§ **Problem to solve**:
Restate word for word the lines of the material below, from the line with "by (cases \<beta>) (simp_all add: tensor_neg_right)" to the line with "qed (simp_all add: tensor_zero_right)", both lines included, and no others.
====== Extracted material
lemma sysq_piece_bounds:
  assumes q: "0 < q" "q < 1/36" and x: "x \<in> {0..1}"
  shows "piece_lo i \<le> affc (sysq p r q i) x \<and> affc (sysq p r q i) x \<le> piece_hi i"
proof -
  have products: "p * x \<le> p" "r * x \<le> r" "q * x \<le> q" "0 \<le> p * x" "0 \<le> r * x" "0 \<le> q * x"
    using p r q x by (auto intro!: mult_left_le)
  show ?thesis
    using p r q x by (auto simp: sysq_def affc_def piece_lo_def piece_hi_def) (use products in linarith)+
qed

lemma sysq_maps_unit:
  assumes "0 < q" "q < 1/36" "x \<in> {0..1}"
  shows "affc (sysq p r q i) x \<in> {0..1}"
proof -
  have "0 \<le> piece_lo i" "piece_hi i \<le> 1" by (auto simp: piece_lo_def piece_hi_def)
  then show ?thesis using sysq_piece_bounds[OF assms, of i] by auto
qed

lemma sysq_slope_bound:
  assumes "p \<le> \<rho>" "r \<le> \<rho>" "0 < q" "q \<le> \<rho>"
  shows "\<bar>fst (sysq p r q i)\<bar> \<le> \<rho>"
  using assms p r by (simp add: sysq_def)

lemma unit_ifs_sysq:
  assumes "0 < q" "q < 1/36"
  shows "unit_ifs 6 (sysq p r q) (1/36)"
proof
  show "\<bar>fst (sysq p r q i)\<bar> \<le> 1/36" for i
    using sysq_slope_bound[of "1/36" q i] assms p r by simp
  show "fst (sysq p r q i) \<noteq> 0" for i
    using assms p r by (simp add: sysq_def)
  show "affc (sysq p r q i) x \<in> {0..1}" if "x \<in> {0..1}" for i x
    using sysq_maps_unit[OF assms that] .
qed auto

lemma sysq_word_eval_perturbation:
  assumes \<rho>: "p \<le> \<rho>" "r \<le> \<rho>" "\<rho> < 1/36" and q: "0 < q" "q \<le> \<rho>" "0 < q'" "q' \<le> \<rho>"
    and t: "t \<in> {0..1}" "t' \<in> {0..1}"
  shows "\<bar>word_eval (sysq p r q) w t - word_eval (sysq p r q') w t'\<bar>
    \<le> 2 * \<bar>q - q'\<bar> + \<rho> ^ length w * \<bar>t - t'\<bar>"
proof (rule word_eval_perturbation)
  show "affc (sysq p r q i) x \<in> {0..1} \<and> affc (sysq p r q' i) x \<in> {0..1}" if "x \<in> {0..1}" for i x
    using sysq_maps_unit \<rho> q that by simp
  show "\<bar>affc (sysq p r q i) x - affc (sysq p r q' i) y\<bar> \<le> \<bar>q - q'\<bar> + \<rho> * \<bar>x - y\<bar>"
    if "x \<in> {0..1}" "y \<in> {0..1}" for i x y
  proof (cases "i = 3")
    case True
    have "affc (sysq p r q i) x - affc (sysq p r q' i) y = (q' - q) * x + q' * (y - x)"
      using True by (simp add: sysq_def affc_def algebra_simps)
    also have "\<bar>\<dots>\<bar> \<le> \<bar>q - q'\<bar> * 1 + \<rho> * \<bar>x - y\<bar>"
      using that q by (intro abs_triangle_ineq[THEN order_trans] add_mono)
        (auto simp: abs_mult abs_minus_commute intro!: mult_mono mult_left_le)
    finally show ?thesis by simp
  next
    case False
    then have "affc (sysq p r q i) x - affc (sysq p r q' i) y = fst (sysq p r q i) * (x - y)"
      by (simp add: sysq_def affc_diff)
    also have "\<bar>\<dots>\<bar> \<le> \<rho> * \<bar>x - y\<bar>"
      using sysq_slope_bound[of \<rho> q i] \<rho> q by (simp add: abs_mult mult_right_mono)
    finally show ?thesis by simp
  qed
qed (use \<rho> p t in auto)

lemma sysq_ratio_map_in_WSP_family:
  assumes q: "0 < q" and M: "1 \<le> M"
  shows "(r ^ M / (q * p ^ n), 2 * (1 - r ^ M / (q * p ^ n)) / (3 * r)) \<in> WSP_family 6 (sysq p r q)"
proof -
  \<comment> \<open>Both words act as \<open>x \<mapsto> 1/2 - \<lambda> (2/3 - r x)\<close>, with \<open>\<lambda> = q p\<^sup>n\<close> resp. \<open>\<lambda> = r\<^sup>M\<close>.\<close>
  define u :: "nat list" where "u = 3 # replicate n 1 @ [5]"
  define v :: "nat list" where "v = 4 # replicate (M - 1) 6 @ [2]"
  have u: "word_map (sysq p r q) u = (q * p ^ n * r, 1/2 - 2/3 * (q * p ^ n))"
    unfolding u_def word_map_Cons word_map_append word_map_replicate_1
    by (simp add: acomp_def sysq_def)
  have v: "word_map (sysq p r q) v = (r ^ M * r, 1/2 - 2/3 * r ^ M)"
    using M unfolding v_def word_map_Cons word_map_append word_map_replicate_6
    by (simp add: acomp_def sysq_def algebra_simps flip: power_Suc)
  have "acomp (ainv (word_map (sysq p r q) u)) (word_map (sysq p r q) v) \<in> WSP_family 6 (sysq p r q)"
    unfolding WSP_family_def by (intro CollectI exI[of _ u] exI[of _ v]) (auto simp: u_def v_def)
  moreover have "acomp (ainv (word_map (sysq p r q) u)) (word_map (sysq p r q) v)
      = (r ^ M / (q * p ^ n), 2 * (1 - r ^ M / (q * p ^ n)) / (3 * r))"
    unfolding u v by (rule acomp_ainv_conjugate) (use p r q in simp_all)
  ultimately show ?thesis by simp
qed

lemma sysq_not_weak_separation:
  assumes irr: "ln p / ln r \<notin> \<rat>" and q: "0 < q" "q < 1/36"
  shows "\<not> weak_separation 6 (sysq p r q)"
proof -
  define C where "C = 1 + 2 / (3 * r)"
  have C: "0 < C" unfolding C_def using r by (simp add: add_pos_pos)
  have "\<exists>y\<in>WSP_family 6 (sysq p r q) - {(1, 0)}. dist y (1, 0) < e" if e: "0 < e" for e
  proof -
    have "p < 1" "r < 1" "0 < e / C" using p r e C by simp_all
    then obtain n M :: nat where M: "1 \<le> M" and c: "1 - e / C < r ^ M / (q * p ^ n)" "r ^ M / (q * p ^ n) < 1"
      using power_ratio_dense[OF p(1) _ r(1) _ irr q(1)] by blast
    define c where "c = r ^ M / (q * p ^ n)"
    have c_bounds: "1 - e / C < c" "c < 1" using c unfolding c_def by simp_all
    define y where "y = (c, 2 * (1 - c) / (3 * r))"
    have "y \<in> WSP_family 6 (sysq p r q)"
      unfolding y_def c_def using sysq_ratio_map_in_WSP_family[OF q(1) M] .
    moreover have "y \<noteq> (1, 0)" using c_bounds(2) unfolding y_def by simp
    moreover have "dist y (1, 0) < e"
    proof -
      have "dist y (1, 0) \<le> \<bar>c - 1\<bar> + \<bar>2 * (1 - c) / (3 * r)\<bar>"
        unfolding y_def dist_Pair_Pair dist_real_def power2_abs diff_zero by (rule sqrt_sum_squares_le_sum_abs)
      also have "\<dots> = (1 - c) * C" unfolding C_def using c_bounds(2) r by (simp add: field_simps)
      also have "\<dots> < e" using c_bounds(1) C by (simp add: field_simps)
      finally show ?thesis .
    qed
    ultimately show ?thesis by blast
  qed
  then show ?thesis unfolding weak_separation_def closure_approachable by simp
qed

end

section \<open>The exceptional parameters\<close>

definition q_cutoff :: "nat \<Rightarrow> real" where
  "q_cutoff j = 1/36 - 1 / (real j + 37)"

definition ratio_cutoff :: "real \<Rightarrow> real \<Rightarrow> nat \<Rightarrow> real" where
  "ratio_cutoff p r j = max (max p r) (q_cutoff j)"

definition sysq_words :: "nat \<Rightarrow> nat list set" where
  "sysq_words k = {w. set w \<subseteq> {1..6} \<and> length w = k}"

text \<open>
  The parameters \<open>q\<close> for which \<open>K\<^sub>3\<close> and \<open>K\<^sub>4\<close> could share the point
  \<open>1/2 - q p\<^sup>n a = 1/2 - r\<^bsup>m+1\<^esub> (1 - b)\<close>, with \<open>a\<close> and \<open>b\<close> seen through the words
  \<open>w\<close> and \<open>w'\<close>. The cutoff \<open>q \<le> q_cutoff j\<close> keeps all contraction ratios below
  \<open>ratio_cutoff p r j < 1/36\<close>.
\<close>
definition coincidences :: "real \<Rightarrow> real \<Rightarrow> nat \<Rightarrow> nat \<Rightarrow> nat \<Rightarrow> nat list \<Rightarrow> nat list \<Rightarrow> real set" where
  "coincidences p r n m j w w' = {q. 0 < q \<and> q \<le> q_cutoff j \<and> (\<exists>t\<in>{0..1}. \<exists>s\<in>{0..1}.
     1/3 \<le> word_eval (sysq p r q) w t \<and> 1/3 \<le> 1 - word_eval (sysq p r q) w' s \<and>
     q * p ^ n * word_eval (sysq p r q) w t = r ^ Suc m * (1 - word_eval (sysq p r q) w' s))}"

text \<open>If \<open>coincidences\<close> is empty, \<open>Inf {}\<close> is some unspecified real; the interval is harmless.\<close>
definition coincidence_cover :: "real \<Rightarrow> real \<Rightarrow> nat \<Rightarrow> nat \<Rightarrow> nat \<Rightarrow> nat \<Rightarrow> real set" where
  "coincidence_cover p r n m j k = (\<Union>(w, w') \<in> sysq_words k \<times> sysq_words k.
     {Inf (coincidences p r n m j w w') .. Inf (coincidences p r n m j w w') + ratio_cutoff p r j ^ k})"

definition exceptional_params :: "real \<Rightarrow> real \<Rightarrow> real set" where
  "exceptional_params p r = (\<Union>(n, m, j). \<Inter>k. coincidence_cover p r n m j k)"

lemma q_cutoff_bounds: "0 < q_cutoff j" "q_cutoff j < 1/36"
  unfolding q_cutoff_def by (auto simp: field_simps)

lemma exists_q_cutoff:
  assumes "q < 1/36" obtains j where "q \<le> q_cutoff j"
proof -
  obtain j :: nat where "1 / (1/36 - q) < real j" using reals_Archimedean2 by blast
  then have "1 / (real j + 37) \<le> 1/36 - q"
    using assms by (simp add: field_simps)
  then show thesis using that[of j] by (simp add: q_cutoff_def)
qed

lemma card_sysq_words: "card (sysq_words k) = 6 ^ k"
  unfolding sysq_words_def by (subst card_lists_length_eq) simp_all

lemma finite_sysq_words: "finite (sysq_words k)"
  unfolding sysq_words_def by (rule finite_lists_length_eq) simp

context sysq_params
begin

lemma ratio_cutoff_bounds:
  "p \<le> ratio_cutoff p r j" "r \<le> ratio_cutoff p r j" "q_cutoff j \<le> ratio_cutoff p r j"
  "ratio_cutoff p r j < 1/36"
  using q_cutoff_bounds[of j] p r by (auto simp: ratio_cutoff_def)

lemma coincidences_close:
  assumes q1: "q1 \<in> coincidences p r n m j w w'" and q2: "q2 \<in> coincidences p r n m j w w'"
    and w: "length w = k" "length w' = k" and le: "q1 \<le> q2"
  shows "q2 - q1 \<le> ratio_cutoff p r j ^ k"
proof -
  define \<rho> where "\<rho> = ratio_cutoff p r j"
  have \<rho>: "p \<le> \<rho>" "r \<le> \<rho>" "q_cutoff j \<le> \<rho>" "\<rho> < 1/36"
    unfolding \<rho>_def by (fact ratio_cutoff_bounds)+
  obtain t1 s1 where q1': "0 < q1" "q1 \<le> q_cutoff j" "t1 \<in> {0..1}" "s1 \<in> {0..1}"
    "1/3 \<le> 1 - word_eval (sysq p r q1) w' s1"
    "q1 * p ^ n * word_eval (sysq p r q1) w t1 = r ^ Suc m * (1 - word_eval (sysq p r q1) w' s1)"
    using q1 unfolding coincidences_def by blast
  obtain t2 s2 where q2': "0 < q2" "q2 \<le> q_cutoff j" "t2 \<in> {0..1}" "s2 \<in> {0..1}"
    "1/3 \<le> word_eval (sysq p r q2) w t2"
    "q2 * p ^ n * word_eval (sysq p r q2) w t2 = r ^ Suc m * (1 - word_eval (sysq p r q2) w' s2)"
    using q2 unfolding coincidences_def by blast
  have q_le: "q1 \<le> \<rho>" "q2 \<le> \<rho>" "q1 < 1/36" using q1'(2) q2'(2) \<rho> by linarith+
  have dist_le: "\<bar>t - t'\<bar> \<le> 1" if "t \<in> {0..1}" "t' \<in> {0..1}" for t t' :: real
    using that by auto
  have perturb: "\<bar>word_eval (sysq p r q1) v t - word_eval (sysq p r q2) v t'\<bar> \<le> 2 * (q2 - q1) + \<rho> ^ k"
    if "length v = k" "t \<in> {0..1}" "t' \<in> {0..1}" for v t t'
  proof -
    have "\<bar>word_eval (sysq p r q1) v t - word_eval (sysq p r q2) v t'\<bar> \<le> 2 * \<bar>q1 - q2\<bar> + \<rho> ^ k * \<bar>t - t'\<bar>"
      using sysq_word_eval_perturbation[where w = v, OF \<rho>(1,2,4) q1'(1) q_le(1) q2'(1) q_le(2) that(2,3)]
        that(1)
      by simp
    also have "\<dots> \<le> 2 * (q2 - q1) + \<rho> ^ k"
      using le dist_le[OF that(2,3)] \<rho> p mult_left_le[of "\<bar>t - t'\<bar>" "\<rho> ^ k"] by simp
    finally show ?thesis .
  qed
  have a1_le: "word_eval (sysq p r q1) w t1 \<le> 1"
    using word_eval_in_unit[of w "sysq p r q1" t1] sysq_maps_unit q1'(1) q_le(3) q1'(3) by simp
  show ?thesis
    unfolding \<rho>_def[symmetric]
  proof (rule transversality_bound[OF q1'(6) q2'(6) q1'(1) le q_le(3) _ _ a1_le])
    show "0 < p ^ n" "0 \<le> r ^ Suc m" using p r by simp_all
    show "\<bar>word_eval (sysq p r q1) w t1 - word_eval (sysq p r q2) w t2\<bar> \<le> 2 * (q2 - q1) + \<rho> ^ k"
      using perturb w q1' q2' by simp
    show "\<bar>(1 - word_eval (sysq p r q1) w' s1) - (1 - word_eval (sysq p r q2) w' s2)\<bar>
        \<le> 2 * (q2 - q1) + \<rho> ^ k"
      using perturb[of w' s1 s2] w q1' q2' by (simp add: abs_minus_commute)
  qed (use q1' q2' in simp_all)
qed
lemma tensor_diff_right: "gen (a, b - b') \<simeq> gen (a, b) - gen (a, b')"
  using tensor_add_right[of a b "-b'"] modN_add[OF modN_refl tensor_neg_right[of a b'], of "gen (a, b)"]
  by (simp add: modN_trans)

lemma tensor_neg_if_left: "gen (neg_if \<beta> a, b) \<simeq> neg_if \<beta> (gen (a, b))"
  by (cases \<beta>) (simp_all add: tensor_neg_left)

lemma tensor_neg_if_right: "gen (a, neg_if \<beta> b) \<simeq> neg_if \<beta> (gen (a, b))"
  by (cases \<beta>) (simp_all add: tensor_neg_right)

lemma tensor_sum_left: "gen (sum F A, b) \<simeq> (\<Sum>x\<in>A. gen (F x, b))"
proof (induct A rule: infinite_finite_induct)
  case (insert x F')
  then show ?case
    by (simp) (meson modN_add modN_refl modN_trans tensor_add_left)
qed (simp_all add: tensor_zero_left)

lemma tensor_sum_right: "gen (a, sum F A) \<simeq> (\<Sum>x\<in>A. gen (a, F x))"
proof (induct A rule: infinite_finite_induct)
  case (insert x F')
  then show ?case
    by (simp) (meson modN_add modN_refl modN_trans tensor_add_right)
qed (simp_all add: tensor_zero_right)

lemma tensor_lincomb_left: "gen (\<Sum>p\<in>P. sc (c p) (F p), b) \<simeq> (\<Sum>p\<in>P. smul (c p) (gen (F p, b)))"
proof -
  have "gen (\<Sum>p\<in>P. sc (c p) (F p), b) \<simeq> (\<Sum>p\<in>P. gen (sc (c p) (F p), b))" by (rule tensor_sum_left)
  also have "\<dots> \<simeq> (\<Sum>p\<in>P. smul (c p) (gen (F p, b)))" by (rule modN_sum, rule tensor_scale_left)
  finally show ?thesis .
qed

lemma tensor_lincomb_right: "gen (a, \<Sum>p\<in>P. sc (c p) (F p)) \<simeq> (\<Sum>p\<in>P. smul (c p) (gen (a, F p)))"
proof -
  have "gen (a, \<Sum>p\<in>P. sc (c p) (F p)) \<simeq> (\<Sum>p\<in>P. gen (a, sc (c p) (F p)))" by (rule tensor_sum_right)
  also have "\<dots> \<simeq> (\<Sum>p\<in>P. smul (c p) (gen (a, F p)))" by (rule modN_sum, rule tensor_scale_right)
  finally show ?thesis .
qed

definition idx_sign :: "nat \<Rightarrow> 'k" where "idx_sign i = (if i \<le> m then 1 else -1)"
============
§ **Answer space**:
  by (cases \<beta>) (simp_all add: tensor_neg_right)

lemma tensor_sum_left: "gen (sum F A, b) \<simeq> (\<Sum>x\<in>A. gen (F x, b))"
proof (induct A rule: infinite_finite_induct)
  case (insert x F')
  then show ?case
    by (simp) (meson modN_add modN_refl modN_trans tensor_add_left)
qed (simp_all add: tensor_zero_left)

lemma tensor_sum_right: "gen (a, sum F A) \<simeq> (\<Sum>x\<in>A. gen (a, F x))"
proof (induct A rule: infinite_finite_induct)
  case (insert x F')
  then show ?case
    by (simp) (meson modN_add modN_refl modN_trans tensor_add_right)
qed (simp_all add: tensor_zero_right)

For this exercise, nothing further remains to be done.